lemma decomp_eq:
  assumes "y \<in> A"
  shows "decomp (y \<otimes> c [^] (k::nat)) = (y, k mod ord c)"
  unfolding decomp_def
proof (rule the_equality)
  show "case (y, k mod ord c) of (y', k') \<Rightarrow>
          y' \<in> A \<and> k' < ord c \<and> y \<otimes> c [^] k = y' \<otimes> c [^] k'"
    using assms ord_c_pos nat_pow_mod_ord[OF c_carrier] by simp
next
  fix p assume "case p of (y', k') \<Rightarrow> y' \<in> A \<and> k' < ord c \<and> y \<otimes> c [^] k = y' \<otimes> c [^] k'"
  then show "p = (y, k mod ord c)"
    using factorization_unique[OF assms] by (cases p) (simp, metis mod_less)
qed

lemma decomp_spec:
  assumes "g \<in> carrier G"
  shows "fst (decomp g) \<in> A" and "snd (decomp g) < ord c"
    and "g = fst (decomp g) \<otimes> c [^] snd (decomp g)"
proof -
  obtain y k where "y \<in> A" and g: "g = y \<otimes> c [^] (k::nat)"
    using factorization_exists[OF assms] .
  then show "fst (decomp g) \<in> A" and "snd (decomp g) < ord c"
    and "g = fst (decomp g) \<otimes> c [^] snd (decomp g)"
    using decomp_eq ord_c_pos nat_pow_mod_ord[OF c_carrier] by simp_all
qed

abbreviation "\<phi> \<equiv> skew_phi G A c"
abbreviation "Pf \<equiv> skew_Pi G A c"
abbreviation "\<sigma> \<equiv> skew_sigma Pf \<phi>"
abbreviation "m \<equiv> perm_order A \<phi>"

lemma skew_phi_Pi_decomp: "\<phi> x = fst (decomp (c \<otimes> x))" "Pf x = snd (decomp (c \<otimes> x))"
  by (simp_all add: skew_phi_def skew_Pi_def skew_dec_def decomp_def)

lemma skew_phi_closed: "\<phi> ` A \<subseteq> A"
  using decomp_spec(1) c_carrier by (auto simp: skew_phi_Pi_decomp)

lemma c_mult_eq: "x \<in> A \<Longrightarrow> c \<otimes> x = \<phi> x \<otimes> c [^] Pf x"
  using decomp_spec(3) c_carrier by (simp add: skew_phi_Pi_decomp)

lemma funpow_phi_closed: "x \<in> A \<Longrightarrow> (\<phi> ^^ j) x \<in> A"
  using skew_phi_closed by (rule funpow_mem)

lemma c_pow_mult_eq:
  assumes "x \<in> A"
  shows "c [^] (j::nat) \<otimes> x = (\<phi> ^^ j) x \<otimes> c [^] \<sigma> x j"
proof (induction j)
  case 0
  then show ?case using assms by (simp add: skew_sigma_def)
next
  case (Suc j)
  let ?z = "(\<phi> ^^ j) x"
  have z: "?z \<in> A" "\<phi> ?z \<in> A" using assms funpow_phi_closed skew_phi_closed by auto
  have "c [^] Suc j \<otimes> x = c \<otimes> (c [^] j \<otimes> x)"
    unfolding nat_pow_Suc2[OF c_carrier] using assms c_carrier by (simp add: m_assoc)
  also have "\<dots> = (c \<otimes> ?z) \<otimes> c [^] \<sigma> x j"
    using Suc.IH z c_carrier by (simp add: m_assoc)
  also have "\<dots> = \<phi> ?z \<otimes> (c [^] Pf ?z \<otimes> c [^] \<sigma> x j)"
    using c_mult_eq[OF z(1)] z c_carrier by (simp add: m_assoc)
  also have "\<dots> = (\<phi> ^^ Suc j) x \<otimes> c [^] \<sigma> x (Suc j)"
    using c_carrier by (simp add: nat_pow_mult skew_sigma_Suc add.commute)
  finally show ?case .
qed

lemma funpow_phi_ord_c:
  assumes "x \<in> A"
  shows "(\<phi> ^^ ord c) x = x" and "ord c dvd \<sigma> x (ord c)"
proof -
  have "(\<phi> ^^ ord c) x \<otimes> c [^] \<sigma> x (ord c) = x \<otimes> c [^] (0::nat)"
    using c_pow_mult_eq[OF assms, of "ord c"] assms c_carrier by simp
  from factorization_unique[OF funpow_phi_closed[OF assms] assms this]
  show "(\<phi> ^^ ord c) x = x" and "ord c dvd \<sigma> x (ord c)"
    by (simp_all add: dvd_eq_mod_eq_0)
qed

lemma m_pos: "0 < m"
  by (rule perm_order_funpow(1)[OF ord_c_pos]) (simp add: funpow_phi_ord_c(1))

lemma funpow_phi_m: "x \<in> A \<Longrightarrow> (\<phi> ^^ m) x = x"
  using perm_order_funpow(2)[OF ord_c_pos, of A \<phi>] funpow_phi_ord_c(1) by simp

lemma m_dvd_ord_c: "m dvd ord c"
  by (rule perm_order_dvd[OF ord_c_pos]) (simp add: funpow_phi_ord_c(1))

Action item: Begin with the line that contains "c) x \<otimes>" and print each line exactly until the data ends, including the last line.

Exercise response:
  have "(\<phi> ^^ ord c) x \<otimes> c [^] \<sigma> x (ord c) = x \<otimes> c [^] (0::nat)"
    using c_pow_mult_eq[OF assms, of "ord c"] assms c_carrier by simp
  from factorization_unique[OF funpow_phi_closed[OF assms] assms this]
  show "(\<phi> ^^ ord c) x = x" and "ord c dvd \<sigma> x (ord c)"
    by (simp_all add: dvd_eq_mod_eq_0)
qed

lemma m_pos: "0 < m"
  by (rule perm_order_funpow(1)[OF ord_c_pos]) (simp add: funpow_phi_ord_c(1))

lemma funpow_phi_m: "x \<in> A \<Longrightarrow> (\<phi> ^^ m) x = x"
  using perm_order_funpow(2)[OF ord_c_pos, of A \<phi>] funpow_phi_ord_c(1) by simp

lemma m_dvd_ord_c: "m dvd ord c"
  by (rule perm_order_dvd[OF ord_c_pos]) (simp add: funpow_phi_ord_c(1))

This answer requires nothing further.